This problem came by way of a DM consultation. Sharing it with everyone as this is an excellent problem to illustrate several key ideas. We're also going to show why you may want to use numpy arrays and the notion of vectorization.

#### Problem
Given a list of numbers [-1, 2, 3, -4, 5, 8], find the sum of all the positive numbers.

In [1]:
raw_numbers = [-1, 2, 3, -4, 5, 8]

One approach would be to go through the list and check entry-by-entry if it's greater than 0, and add it to the variable holding the running sum. We'll call the variable for the running sum ``total`` and initialize it's value to zero.

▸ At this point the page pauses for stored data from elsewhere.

lemma (in free_ultrafilter) not_selective_filter_space_gap_space:
  assumes avoid: "\<And>k. \<exists>a\<in>Field omega1. B a \<inter> grid_column k = {}"
    and large: "\<And>a. a \<in> Field omega1 \<Longrightarrow> large_columns (B a) \<and> column_finite (B a)"
    and chain: "\<And>a b. a \<in> Field omega1 \<Longrightarrow> b \<in> underS omega1 a \<Longrightarrow> almost_subset (B a) (B b)"
    and kill: "\<And>f. \<exists>a\<in>Field omega1. {n. cell n (f n) \<in> B a} \<notin> U"
  shows "\<not> selective (filter_space U) (gap_space B)"
proof
  assume "selective (filter_space U) (gap_space B)"
  then obtain s where s: "continuous_map (filter_space U) (gap_space B) s" "\<And>y. s y \<in> column_map y"
    using lsc_column_map[OF avoid large chain] unfolding selective_def by auto
  \<comment> \<open>a selection of the column map is the graph of a function f\<close>
  define f where "f n = row_of (the (s (Some n)))" for n
  have s_Some: "s (Some n) = Some (cell n (f n))" for n
    using s(2)[of "Some n"] unfolding column_map_def f_def by auto
  have "s None = None" using s(2)[of None] unfolding column_map_def by simp
  obtain a where a: "a \<in> Field omega1" "{n. cell n (f n) \<in> B a} \<notin> U" using kill by blast
  have "openin (filter_space U) (s -` gap_nbhd B {a})"
    using s(1) openin_gap_nbhd[OF basic_index_singleton[OF a(1)]]
    unfolding continuous_map_UNIV[OF topspace_gap_space topspace_filter_space_U] by blast
  moreover have "None \<in> s -` gap_nbhd B {a}" using \<open>s None = None\<close> by simp
  ultimately obtain A where A: "A \<in> U" "insert None (Some ` A) \<subseteq> s -` gap_nbhd B {a}"
    unfolding openin_filter_space_U by blast
  have "A \<subseteq> {n. cell n (f n) \<in> B a}" using A(2) s_Some by auto
  thus False using a(2) A(1) superset_in by blast
qed

section \<open>The gap space is selective for the convergent sequence\<close>

lemma lsc_conv_seq_cofinite:
  assumes L: "lsc conv_seq X \<phi>" and W: "openin X W" "\<phi> None \<inter> W \<noteq> {}"
  shows "\<exists>A. finite (- A) \<and> (\<forall>n\<in>A. \<phi> (Some n) \<inter> W \<noteq> {})"
proof -
  have "openin conv_seq {y. \<phi> y \<inter> W \<noteq> {}}" using L W(1) unfolding lsc_def by simp
  then obtain A where "finite (- A)" "insert None (Some ` A) \<subseteq> {y. \<phi> y \<inter> W \<noteq> {}}"
    using W(2) unfolding openin_conv_seq by blast
  thus ?thesis by blast
qed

To go through each entry, we use ``for`` entry ``in`` list. For each entry, check ``if`` the entry is greater than 0. I'll write the solution inside a function so we can easily call it later.

In [2]:
def list_sum(raw_numbers):
    total = 0
    for number in raw_numbers:
        if number > 0:
            total += number   #this is a shorter way of writing: total = total + number
    return total

In [3]:
list_sum(raw_numbers)

18

Now, let's look at how we can do this using a ``numpy.array`` and avoid using a ``for`` loop. Google: vectorization. Let's import ``numpy`` first.

In [4]:
import numpy as np

In [5]:
def array_sum(raw_numbers):
    numbers = np.array(raw_numbers)
    total = np.sum((numbers > 0) * numbers)
    return total

In [6]:
array_sum(raw_numbers)

18

Let's go through each step:
- ``numbers = np.array(raw_numbers)`` converts the list of integers into a numpy array.
- ``(numbers > 0)`` checks if the entries are greater than zero. The output of this is Boolean, i.e. True or False
- Array multiplication multiplies aligned entries. When you multiply an integer by ``True``, that's equivalent to multiplying it by 1, and when you use ``False``, that's equivalent multiplying by zero. Try it: ``2 * True`` vs. ``2 * False``.  
- ``np.sum(array)`` would sum up all the elements in the array. For arrays in more than one dimension, you can specify if you're summing along a certain ``axis``. Run ``np.sum?``

The advantage of vectorization over loops becomes clear as your array size increases. Let's make a large list of random integers.

In [7]:
n = 10000000
low_int = -30
high_int = 30
n_numbers = np.random.randint(low=low_int, high=high_int, size=n)

In [8]:
%%timeit 
list_sum(n_numbers)

1.75 s ± 6.14 ms per loop (mean ± std. dev. of 7 runs, 1 loop each)


In [9]:
%%timeit 
array_sum(n_numbers)

48 ms ± 175 µs per loop (mean ± std. dev. of 7 runs, 10 loops each)